Support Vector Machines (SVM) are shown to work on higher dimensional feature space \\cite{gunn1998support}. When the number of features N is larger than the number of samples S, data overfitting may arise. SVM \\cite{vapnik1998statistical} avoid overfitting to some extent without reducing the feature space.

SVM regression performs linear regression in the high-dimension feature space using $\\epsilon$-insensitive loss and, at the same time, tries to reduce model complexity by minimizing $||w||^2$. Using the epsilon intensive loss function we ensure existence of the global minimum and at the same time optimization of reliable generalization bound. Non-negative slack variables are introduced to measure the deviation of training samples outside $\\epsilon$-insensitive zone. Thus SVM regression is formulated as minimization of the following functional:

\\begin{equation}

minimize \\frac{||w||^2}{2} + C \\sum_{i=1}^{n} (\\xi_i + \\xi_i^*)

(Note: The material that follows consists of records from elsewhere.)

lemma le_of_iterated_square_bound:
  fixes s :: "nat \<Rightarrow> real"
  assumes d: "0 < d" and y: "0 \<le> y"
    and square: "\<And>m. (s m)\<^sup>2 \<le> d * s (Suc m)"
    and bound: "\<And>m. s (Suc m) \<le> d\<^sup>2 * y ^ 2 ^ Suc m"
  shows "s 0 \<le> d * y"
proof (cases "s 0 \<le> 0")
  case True
  then show ?thesis using d y by (smt (verit) mult_nonneg_nonneg)
next
  case False
  define x where "x = s 0 / d"
  have x: "0 \<le> x" unfolding x_def using False d by simp
  have lower: "d * x ^ 2 ^ m \<le> s m" for m
  proof (induct m)
    case 0
    then show ?case unfolding x_def using d by simp
  next
    case (Suc m)
    have "d * (d * x ^ 2 ^ Suc m) = (d * x ^ 2 ^ m)\<^sup>2"
      by (simp add: power_mult power2_eq_square algebra_simps)
    also have "\<dots> \<le> (s m)\<^sup>2" using Suc d x by (intro power_mono) auto
    also have "\<dots> \<le> d * s (Suc m)" by (rule square)
    finally show ?case using d by simp
  qed
  have "\<exists>k\<ge>m. x ^ k \<le> d * y ^ k" for m
  proof (intro exI conjI)
    show "m \<le> 2 ^ Suc m" by (rule order.trans[OF less_imp_le[OF less_exp]]) simp
    have "d * x ^ 2 ^ Suc m \<le> d * (d * y ^ 2 ^ Suc m)"
      using lower[of "Suc m"] bound[of m] by (simp add: power2_eq_square mult.assoc)
    then show "x ^ 2 ^ Suc m \<le> d * y ^ 2 ^ Suc m" using d by simp
  qed
  then have "x \<le> y" by (rule le_of_frequently_power_le[OF x y])
  then show ?thesis unfolding x_def using d by (simp add: field_simps)
qed

text \<open>With \<open>C = B^(2^m)\<close> and \<open>\<one>\<close> the all-ones vector,
  \<open>(\<one>\<^sup>T C \<one>)\<^sup>2 \<le> n \<one>\<^sup>T C\<^sup>2 \<one> \<le> n\<^sup>2 tr (C\<^sup>2) \<le> n\<^sup>3 y^(2^(m+1))\<close>; iterating from
  \<open>m = 0\<close> and taking \<open>2^m\<close>-th roots as \<open>m \<rightarrow> \<infinity>\<close> leaves \<open>\<one>\<^sup>T B \<one> \<le> n y\<close>.\<close>

lemma sum_mat_le_of_nonneg_spectrum:
  fixes B :: "real mat"
  assumes B: "B \<in> carrier_mat n n" "B\<^sup>T = B"
    and cp: "char_poly B = (\<Prod>r\<leftarrow>rs. [:-r, 1:])" and len: "length rs = n"
    and spectrum: "\<And>r. r \<in> set rs \<Longrightarrow> 0 \<le> r \<and> r \<le> y"
  shows "sum_mat B \<le> real n * y"
proof (cases "n = 0")
  case True
  then show ?thesis using B by (simp add: sum_mat_eq_double_sum)
next
  case False
  then obtain r where "r \<in> set rs" using len by (cases rs) auto
  then have y: "0 \<le> y" using spectrum by force
  define C where "C m = B ^\<^sub>m 2 ^ m" for m
  have C: "C m \<in> carrier_mat n n" "(C m)\<^sup>T = C m" for m
    unfolding C_def using B by (auto simp: transpose_pow_mat)
  have C_Suc: "C (Suc m) = C m * C m" for m
    unfolding C_def using pow_mat_add[OF B(1), of "2 ^ m" "2 ^ m"] by (simp add: mult_2)
  have "trace_mat (C (Suc m)) \<le> real n * y ^ 2 ^ Suc m" for m
  proof -
    have "trace_mat (C (Suc m)) = (\<Sum>r\<leftarrow>rs. r ^ 2 ^ Suc m)"
      unfolding C_def by (rule trace_pow_eq_sum_pow_eigenvalues[OF B(1) cp])
    also have "\<dots> \<le> (\<Sum>r\<leftarrow>rs. y ^ 2 ^ Suc m)"
      by (rule sum_list_mono) (use spectrum in \<open>auto intro: power_mono\<close>)
    also have "\<dots> = real n * y ^ 2 ^ Suc m" using len by (simp add: sum_list_triv)
    finally show ?thesis .
  qed
  then have "sum_mat (C (Suc m)) \<le> (real n)\<^sup>2 * y ^ 2 ^ Suc m" for m
    using sum_mat_square_le_trace_square[OF C, of m] C_Suc[of m]
    by (simp add: power2_eq_square mult.assoc) (smt (verit) mult_left_mono of_nat_0_le_iff)
  moreover have "(sum_mat (C m))\<^sup>2 \<le> real n * sum_mat (C (Suc m))" for m
    unfolding C_Suc by (rule square_sum_mat_le_sum_mat_square[OF C])
  ultimately have "sum_mat (C 0) \<le> real n * y"
    by (intro le_of_iterated_square_bound[OF _ y]) (use False in auto)
  then show ?thesis unfolding C_def using B by simp
qed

\\end{equation}\\begin{center}

Subject to $\\begin{cases}y_i - f(x_i, w) \\leq \\epsilon + \\xi_i^* \\\\

f(x_i, w) - y_i \\leq \\epsilon + \\xi_i \\\\

\\xi_i, \\xi_i^* \\geq 0, i = 1, ...., n

\\end{cases}$

\\end{center}

The optmization problem can be formulated as dual optimization problem:

\\begin{multline}

maximize \\{-\\frac{1}{2} \\sum_{i, j=1}^l (\\alpha_i - \\alpha_i^*) (\\alpha_j - \\alpha_j^*) \\langle x_i, x_j \\rangle \\\\ - \\epsilon \\sum_{i, j=1}^l (\\alpha_i + \\alpha_i^*) + \\sum_{i, j=1}^l y_i(\\alpha_i - \\alpha_i^*) \\}

\\end{multline}

\\begin{center}

Subject to $\\begin{cases}\\sum_{i=1^l} (\\alpha_i - \\alpha_i^*) = 0 \\\\ \\alpha_i, \\alpha_i^* \\in [0,C]\\end{cases}$

\\end{center}

One of the advantages of Support Vector Machine, and Support Vector Regression (SVR) as the part of it, is that it can be used to avoid difficulties of using linear functions in the high dimensional feature space and optimization problem is transformed into dual convex quadratic program. In regression case, the loss function is used to penalize errors that are greater than threshold $\\epsilon$. Such loss functions usually lead to the sparse representation of the decision rule, giving significant algorithmic and representational advantages.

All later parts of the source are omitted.